START PROVIDED MATERIAL
(* Let $\mathcal{G}\subseteq C(\mathbb{R},\mathbb{R})$ be nonempty. The following conditions are equivalent: (1) $\mathcal{K}_\mathcal{G}\subseteq\{\mathrm{CL}(\mathbb{R})\cap\mathcal{P}(X):X\subseteq\mathbb{R}\}$; (2) $\mathcal{G}$ is a complete and connected family.
   Context: Functions are identified with their graphs, so $\bigcup\mathcal{G}\subseteq\mathbb{R}^2$ is the union of graphs. $\mathrm{CL}(\mathbb{R})$ is the family of closed subsets of $\mathbb{R}$ and $\mathcal{P}(X)$ the power set of $X$. A family $\mathcal{G}\subseteq C(\mathbb{R},\mathbb{R})$ is complete if $g\in\mathcal{G}$ for every $g\in C(\mathbb{R},\mathbb{R})$ whose graph is contained in $\bigcup\mathcal{G}$; it is connected if for any $f,g\in\mathcal{G}$ and $x\neq y$ there is $h\in\mathcal{G}$ with $h(x)=f(x)$ and $h(y)=g(y)$. For $\mathcal{G}\subseteq C(\mathbb{R},\mathbb{R})$ let $R_\mathcal{G}=\{(f,E)\in C(\mathbb{R},\mathbb{R})\times\mathrm{CL}(\mathbb{R}):(\exists g\in\mathcal{G})\, f\restriction E=g\restriction E\}$; for $\mathcal{F}\subseteq C(\mathbb{R},\mathbb{R})$ put $E_\mathcal{G}(\mathcal{F})=\{E\in\mathrm{CL}(\mathbb{R}):(\forall f\in\mathcal{F})\,(f,E)\in R_\mathcal{G}\}$, and let $\mathcal{K}_\mathcal{G}=\{E_\mathcal{G}(\mathcal{F}):\mathcal{F}\subseteq C(\mathbb{R},\mathbb{R})\}$. *)

theory Defs
  imports "HOL-Analysis.Analysis"
begin

definition Cont :: "(real \<Rightarrow> real) set" where
  "Cont = {f. continuous_on UNIV f}"

definition graph_union :: "(real \<Rightarrow> real) set \<Rightarrow> (real \<times> real) set" where
  "graph_union G = (\<Union>g\<in>G. {(x, g x) | x. True})"

definition complete_family :: "(real \<Rightarrow> real) set \<Rightarrow> bool" where
  "complete_family G \<longleftrightarrow>
     (\<forall>g\<in>Cont. {(x, g x) | x. True} \<subseteq> graph_union G \<longrightarrow> g \<in> G)"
END PROVIDED MATERIAL
ASSIGNED TASK:
Reproduce every entry shown above, precisely as it stands.

PROBLEM SOLUTION:
(* Let $\mathcal{G}\subseteq C(\mathbb{R},\mathbb{R})$ be nonempty. The following conditions are equivalent: (1) $\mathcal{K}_\mathcal{G}\subseteq\{\mathrm{CL}(\mathbb{R})\cap\mathcal{P}(X):X\subseteq\mathbb{R}\}$; (2) $\mathcal{G}$ is a complete and connected family.
   Context: Functions are identified with their graphs, so $\bigcup\mathcal{G}\subseteq\mathbb{R}^2$ is the union of graphs. $\mathrm{CL}(\mathbb{R})$ is the family of closed subsets of $\mathbb{R}$ and $\mathcal{P}(X)$ the power set of $X$. A family $\mathcal{G}\subseteq C(\mathbb{R},\mathbb{R})$ is complete if $g\in\mathcal{G}$ for every $g\in C(\mathbb{R},\mathbb{R})$ whose graph is contained in $\bigcup\mathcal{G}$; it is connected if for any $f,g\in\mathcal{G}$ and $x\neq y$ there is $h\in\mathcal{G}$ with $h(x)=f(x)$ and $h(y)=g(y)$. For $\mathcal{G}\subseteq C(\mathbb{R},\mathbb{R})$ let $R_\mathcal{G}=\{(f,E)\in C(\mathbb{R},\mathbb{R})\times\mathrm{CL}(\mathbb{R}):(\exists g\in\mathcal{G})\, f\restriction E=g\restriction E\}$; for $\mathcal{F}\subseteq C(\mathbb{R},\mathbb{R})$ put $E_\mathcal{G}(\mathcal{F})=\{E\in\mathrm{CL}(\mathbb{R}):(\forall f\in\mathcal{F})\,(f,E)\in R_\mathcal{G}\}$, and let $\mathcal{K}_\mathcal{G}=\{E_\mathcal{G}(\mathcal{F}):\mathcal{F}\subseteq C(\mathbb{R},\mathbb{R})\}$. *)

theory Defs
  imports "HOL-Analysis.Analysis"
begin

definition Cont :: "(real \<Rightarrow> real) set" where
  "Cont = {f. continuous_on UNIV f}"

definition graph_union :: "(real \<Rightarrow> real) set \<Rightarrow> (real \<times> real) set" where
  "graph_union G = (\<Union>g\<in>G. {(x, g x) | x. True})"

definition complete_family :: "(real \<Rightarrow> real) set \<Rightarrow> bool" where
  "complete_family G \<longleftrightarrow>
     (\<forall>g\<in>Cont. {(x, g x) | x. True} \<subseteq> graph_union G \<longrightarrow> g \<in> G)"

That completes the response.